§ **Given records**
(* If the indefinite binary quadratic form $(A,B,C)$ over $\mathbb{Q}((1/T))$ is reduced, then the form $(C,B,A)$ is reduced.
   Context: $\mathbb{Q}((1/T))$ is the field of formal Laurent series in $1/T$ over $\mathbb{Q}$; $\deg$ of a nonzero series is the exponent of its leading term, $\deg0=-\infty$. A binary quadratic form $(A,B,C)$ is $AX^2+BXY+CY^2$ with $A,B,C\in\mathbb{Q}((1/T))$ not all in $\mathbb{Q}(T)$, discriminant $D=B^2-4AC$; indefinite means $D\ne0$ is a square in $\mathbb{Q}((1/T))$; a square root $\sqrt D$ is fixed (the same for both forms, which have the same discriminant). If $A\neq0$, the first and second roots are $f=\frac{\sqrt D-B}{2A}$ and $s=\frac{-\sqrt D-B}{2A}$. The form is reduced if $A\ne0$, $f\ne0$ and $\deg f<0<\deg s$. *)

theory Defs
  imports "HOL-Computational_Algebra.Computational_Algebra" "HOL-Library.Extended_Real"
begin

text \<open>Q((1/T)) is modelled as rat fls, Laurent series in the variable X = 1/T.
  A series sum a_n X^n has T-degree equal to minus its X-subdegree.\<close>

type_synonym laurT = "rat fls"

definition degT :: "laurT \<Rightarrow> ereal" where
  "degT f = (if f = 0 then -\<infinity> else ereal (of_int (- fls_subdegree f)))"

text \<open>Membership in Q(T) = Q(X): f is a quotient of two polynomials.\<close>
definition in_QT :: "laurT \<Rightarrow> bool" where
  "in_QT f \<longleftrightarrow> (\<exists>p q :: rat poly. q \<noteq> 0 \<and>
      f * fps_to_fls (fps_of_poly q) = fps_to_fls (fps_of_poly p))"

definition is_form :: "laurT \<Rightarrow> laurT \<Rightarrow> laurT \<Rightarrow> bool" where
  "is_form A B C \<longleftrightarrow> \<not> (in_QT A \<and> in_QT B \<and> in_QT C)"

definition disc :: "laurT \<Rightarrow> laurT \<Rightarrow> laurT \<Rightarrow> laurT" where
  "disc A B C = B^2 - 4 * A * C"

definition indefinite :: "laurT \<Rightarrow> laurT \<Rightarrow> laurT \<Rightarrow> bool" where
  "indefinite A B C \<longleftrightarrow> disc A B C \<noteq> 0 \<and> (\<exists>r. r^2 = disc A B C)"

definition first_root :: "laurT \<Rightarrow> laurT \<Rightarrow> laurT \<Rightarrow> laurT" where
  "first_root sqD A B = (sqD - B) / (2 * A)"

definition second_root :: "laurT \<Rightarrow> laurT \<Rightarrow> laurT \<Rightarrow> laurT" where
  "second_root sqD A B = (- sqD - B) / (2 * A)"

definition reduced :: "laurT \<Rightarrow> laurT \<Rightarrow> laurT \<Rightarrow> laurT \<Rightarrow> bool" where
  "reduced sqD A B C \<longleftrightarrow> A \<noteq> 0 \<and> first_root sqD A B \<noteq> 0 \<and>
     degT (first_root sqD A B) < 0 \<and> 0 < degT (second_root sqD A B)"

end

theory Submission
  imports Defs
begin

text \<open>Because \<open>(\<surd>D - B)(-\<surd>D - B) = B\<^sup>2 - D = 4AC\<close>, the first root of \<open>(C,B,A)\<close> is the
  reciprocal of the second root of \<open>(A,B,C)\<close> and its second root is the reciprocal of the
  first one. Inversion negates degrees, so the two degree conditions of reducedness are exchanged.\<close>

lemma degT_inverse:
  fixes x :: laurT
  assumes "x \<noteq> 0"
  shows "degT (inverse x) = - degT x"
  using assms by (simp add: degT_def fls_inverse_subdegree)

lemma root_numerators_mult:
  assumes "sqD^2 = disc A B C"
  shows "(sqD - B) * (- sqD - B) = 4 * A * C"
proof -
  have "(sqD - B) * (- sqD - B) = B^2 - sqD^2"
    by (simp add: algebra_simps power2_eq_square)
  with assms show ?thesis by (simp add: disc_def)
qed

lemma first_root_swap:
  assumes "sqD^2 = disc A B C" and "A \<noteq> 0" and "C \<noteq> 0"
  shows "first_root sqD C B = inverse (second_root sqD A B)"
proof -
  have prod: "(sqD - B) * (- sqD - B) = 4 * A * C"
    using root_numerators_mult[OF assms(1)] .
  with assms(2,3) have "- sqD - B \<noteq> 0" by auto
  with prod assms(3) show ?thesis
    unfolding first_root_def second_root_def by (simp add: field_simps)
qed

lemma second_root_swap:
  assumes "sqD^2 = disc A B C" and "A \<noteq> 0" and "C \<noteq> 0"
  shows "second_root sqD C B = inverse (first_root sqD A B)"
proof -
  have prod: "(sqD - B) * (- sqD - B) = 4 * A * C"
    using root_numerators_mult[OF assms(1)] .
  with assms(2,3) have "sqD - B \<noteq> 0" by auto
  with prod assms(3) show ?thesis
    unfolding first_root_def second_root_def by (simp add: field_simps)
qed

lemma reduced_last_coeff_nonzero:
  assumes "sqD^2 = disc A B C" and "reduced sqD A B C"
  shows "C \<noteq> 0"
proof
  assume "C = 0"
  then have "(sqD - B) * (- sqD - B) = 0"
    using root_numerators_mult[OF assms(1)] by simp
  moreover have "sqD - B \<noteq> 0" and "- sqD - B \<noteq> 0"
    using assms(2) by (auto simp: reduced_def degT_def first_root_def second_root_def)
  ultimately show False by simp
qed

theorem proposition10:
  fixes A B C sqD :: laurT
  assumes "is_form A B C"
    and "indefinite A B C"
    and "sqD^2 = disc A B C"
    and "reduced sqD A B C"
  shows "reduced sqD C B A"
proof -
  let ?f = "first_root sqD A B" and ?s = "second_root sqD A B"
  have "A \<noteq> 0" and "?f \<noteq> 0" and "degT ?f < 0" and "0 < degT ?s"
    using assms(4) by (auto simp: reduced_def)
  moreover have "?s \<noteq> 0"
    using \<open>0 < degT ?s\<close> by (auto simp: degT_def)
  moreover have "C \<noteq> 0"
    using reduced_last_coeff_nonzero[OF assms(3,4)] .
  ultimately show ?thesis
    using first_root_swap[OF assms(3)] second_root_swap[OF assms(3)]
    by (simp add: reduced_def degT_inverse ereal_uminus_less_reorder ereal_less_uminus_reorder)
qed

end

==

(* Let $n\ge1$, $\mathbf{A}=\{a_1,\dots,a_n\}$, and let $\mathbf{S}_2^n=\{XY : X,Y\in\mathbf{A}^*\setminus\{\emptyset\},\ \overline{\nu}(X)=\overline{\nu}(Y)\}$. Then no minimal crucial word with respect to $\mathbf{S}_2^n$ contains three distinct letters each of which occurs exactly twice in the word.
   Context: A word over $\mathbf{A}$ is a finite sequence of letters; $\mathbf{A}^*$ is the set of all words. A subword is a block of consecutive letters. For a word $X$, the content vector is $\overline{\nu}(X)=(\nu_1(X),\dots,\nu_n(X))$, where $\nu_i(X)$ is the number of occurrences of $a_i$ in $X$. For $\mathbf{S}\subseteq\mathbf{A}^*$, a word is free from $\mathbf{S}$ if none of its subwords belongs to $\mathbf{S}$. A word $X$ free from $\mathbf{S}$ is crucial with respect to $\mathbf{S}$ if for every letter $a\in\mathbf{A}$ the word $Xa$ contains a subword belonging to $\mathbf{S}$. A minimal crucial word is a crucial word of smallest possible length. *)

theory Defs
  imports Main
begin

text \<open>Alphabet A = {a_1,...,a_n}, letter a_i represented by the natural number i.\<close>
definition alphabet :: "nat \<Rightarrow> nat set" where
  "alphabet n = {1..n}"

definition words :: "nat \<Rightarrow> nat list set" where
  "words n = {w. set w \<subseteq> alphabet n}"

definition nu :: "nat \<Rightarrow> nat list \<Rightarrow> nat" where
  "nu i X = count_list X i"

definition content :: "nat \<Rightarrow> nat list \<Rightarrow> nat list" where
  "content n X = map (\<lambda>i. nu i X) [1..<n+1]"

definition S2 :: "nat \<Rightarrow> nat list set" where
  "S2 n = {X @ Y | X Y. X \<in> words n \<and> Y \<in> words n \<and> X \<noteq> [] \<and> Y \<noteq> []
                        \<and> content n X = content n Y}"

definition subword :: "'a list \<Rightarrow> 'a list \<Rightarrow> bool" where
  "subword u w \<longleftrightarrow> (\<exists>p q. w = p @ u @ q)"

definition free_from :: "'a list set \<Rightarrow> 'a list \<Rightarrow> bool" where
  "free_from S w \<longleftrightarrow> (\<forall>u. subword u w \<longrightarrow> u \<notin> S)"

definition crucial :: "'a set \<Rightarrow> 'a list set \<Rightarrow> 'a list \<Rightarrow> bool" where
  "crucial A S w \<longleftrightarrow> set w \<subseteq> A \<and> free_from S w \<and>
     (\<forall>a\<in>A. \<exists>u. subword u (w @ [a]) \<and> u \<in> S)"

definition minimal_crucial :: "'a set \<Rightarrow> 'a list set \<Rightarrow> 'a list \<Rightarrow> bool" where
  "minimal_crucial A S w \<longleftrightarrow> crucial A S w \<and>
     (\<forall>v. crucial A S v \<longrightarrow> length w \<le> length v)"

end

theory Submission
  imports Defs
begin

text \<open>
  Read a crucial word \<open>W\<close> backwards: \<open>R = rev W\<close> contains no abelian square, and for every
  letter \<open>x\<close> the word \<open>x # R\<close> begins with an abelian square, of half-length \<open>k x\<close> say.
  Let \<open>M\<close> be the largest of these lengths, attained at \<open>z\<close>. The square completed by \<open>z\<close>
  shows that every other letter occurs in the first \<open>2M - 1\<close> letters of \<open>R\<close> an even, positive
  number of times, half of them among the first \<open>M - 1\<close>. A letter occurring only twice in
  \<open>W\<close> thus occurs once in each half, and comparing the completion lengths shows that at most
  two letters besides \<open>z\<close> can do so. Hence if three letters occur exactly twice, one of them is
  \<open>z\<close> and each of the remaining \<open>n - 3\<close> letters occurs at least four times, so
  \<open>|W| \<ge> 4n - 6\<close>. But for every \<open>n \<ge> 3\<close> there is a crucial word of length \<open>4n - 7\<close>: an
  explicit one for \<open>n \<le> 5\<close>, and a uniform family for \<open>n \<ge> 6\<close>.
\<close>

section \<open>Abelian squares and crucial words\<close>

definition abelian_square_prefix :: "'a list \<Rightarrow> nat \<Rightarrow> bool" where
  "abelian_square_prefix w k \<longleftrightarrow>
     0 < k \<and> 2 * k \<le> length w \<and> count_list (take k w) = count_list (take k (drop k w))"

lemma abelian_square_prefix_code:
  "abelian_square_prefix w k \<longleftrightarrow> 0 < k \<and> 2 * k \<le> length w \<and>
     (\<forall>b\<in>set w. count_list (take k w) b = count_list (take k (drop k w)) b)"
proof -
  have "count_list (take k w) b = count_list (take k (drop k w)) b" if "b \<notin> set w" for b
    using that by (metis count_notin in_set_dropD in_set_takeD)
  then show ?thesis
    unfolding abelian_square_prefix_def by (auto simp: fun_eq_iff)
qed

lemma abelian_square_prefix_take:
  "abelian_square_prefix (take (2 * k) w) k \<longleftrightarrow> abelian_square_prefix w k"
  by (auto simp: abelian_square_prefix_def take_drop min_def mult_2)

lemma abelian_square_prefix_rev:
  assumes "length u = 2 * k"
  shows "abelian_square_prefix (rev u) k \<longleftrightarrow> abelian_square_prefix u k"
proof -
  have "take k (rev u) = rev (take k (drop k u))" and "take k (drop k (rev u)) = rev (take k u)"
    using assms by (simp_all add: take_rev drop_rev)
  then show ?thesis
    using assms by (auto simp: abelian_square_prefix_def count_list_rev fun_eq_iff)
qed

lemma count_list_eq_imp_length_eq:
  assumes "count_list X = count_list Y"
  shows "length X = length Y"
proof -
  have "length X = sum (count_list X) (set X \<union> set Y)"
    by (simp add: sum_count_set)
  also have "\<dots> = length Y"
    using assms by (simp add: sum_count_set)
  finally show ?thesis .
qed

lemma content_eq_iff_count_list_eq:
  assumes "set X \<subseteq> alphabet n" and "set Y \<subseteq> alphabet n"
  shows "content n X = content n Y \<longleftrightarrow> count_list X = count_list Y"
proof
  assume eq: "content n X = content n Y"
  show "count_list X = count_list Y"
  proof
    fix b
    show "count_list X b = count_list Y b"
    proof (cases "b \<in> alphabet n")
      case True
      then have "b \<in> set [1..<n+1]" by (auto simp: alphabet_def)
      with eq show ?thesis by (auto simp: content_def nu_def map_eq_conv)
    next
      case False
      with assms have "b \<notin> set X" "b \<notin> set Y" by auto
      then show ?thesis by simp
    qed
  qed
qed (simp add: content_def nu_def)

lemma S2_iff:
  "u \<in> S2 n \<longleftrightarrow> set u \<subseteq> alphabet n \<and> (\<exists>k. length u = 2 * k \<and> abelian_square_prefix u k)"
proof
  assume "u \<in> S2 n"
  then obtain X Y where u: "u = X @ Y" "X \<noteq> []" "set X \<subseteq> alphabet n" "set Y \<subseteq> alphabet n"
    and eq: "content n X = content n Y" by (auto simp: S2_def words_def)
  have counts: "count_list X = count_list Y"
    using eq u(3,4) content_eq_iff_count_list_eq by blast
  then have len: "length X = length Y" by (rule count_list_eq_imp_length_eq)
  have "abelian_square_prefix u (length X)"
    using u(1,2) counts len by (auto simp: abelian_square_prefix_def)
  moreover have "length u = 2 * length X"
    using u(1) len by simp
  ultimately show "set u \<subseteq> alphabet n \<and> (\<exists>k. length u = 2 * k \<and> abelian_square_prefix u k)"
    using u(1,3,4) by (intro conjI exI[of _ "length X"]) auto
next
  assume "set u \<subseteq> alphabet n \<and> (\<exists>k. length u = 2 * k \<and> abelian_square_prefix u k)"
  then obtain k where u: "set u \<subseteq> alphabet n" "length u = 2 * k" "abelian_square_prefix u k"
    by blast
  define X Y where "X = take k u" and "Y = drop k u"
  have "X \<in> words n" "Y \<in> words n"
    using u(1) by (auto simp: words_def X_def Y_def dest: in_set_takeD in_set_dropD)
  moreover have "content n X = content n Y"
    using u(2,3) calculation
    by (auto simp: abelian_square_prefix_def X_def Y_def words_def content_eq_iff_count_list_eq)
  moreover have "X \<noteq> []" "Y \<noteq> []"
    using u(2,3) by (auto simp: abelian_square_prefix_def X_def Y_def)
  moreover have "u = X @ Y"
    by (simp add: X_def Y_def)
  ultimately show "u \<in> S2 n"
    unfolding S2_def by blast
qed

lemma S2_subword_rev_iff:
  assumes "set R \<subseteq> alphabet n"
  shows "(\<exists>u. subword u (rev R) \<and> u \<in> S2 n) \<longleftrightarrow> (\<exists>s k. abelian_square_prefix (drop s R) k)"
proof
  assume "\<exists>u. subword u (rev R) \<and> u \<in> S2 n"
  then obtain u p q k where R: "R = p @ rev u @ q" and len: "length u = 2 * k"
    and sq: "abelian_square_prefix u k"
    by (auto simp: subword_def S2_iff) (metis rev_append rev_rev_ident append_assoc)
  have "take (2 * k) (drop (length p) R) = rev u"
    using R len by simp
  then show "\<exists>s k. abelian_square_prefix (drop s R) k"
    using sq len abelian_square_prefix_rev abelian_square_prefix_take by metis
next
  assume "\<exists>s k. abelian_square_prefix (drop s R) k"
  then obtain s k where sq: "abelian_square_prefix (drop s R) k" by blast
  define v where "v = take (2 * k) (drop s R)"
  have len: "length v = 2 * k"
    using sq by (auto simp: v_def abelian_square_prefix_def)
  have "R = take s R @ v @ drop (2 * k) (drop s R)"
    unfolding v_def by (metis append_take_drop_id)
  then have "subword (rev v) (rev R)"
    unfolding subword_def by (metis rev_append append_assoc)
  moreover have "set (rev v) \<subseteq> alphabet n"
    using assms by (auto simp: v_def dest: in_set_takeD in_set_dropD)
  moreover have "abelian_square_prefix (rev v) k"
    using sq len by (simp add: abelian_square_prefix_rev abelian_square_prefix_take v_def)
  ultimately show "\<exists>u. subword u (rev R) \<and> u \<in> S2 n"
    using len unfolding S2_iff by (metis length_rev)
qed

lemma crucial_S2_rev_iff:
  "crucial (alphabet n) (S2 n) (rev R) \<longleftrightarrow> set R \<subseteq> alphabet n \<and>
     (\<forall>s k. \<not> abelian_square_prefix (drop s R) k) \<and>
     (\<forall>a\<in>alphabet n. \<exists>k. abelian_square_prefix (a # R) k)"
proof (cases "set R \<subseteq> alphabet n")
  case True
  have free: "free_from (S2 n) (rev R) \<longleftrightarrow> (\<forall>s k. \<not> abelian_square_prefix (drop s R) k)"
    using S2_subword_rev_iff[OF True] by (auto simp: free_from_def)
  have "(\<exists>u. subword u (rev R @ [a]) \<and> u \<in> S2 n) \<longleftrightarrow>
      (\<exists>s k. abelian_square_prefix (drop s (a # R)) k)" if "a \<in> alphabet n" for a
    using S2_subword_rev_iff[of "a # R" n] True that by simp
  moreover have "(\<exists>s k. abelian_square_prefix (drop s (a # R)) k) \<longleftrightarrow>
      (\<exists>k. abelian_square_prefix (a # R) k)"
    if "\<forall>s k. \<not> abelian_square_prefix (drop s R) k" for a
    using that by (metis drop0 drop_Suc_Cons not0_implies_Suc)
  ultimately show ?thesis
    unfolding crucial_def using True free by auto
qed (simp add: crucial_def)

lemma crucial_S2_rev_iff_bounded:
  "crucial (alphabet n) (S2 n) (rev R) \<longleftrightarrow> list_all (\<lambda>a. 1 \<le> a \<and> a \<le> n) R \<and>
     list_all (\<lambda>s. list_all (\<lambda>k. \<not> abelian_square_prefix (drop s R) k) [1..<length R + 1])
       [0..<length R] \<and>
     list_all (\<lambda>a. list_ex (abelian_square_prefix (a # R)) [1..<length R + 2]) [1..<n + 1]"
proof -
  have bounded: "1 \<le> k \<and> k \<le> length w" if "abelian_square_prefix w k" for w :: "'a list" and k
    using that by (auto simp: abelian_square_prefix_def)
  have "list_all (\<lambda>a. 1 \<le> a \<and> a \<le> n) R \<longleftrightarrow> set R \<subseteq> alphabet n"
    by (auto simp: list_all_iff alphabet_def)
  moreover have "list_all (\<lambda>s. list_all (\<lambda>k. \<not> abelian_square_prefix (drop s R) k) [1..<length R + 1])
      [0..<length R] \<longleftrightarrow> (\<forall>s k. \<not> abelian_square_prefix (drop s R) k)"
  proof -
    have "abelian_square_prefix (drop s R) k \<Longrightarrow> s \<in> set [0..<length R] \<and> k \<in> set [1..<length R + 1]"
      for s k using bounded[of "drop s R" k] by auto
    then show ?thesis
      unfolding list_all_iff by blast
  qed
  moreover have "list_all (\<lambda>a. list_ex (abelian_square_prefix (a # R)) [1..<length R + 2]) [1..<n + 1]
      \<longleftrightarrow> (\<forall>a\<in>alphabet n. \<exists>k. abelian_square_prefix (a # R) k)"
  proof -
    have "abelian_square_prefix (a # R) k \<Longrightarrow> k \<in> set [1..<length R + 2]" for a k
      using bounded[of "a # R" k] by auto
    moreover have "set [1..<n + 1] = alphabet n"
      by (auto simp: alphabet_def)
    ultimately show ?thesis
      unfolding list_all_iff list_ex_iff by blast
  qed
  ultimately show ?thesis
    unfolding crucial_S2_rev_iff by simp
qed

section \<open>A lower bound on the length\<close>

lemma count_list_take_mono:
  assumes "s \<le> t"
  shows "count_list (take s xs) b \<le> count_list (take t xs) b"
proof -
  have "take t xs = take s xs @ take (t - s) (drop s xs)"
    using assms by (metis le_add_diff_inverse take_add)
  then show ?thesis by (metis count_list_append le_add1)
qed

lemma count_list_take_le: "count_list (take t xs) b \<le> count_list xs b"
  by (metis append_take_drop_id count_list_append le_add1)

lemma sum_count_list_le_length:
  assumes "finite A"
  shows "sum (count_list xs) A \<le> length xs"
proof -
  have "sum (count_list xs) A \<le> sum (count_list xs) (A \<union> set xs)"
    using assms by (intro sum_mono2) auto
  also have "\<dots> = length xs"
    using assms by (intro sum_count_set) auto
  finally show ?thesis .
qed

==

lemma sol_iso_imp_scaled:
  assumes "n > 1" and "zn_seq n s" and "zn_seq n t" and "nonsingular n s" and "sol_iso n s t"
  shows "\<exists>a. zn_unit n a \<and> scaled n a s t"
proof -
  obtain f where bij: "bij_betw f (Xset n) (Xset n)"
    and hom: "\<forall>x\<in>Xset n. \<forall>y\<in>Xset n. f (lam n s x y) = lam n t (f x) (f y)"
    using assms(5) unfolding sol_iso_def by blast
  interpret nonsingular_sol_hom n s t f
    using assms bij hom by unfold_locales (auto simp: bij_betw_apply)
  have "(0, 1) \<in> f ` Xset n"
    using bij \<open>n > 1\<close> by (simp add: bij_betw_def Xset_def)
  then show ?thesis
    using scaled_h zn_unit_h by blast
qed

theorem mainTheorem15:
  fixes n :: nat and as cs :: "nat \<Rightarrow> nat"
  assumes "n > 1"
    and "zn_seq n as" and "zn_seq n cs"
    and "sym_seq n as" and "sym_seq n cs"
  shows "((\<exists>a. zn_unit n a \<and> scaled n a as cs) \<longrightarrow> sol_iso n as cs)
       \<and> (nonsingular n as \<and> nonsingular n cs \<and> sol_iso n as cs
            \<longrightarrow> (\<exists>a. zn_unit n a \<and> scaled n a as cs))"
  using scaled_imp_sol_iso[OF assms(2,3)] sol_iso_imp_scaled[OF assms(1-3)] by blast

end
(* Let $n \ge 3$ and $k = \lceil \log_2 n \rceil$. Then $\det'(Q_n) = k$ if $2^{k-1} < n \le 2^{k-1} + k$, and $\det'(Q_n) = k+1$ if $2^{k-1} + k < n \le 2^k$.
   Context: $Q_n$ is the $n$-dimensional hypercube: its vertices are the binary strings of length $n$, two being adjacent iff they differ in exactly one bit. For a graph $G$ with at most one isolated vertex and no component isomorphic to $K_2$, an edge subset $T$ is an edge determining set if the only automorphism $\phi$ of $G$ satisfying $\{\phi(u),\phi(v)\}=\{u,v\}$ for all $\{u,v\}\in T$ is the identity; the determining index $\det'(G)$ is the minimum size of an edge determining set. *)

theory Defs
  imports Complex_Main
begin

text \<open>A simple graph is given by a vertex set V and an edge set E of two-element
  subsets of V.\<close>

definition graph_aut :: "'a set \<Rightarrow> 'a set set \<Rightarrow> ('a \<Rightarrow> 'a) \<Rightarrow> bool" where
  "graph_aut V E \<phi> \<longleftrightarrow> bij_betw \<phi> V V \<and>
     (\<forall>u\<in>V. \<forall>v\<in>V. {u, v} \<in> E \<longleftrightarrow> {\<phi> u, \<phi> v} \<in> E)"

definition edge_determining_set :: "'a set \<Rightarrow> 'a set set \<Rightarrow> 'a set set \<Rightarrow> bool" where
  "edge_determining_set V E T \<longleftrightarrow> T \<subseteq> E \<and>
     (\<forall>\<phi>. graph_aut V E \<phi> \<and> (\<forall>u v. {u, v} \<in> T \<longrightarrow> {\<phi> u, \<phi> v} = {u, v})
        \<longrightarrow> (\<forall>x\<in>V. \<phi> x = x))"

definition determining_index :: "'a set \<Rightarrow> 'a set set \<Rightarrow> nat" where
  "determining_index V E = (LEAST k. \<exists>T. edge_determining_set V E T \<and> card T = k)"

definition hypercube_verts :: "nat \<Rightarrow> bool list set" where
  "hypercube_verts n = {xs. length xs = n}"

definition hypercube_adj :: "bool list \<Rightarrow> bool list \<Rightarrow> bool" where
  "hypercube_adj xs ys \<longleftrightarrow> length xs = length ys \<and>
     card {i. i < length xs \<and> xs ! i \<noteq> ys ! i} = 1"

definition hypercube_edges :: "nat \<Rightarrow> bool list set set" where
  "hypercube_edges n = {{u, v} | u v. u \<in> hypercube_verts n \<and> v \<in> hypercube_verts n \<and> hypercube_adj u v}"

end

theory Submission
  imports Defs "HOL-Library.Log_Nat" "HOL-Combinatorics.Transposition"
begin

§ **Task**
Set down, exactly as they stand above, the lines starting with the line with "(* If the indefinite" and going on through the line with "C \<longleftrightarrow> \<not>", and no others.

§ **Response to the task**
(* If the indefinite binary quadratic form $(A,B,C)$ over $\mathbb{Q}((1/T))$ is reduced, then the form $(C,B,A)$ is reduced.
   Context: $\mathbb{Q}((1/T))$ is the field of formal Laurent series in $1/T$ over $\mathbb{Q}$; $\deg$ of a nonzero series is the exponent of its leading term, $\deg0=-\infty$. A binary quadratic form $(A,B,C)$ is $AX^2+BXY+CY^2$ with $A,B,C\in\mathbb{Q}((1/T))$ not all in $\mathbb{Q}(T)$, discriminant $D=B^2-4AC$; indefinite means $D\ne0$ is a square in $\mathbb{Q}((1/T))$; a square root $\sqrt D$ is fixed (the same for both forms, which have the same discriminant). If $A\neq0$, the first and second roots are $f=\frac{\sqrt D-B}{2A}$ and $s=\frac{-\sqrt D-B}{2A}$. The form is reduced if $A\ne0$, $f\ne0$ and $\deg f<0<\deg s$. *)

theory Defs
  imports "HOL-Computational_Algebra.Computational_Algebra" "HOL-Library.Extended_Real"
begin

text \<open>Q((1/T)) is modelled as rat fls, Laurent series in the variable X = 1/T.
  A series sum a_n X^n has T-degree equal to minus its X-subdegree.\<close>

type_synonym laurT = "rat fls"

definition degT :: "laurT \<Rightarrow> ereal" where
  "degT f = (if f = 0 then -\<infinity> else ereal (of_int (- fls_subdegree f)))"

text \<open>Membership in Q(T) = Q(X): f is a quotient of two polynomials.\<close>
definition in_QT :: "laurT \<Rightarrow> bool" where
  "in_QT f \<longleftrightarrow> (\<exists>p q :: rat poly. q \<noteq> 0 \<and>
      f * fps_to_fls (fps_of_poly q) = fps_to_fls (fps_of_poly p))"

definition is_form :: "laurT \<Rightarrow> laurT \<Rightarrow> laurT \<Rightarrow> bool" where
  "is_form A B C \<longleftrightarrow> \<not> (in_QT A \<and> in_QT B \<and> in_QT C)"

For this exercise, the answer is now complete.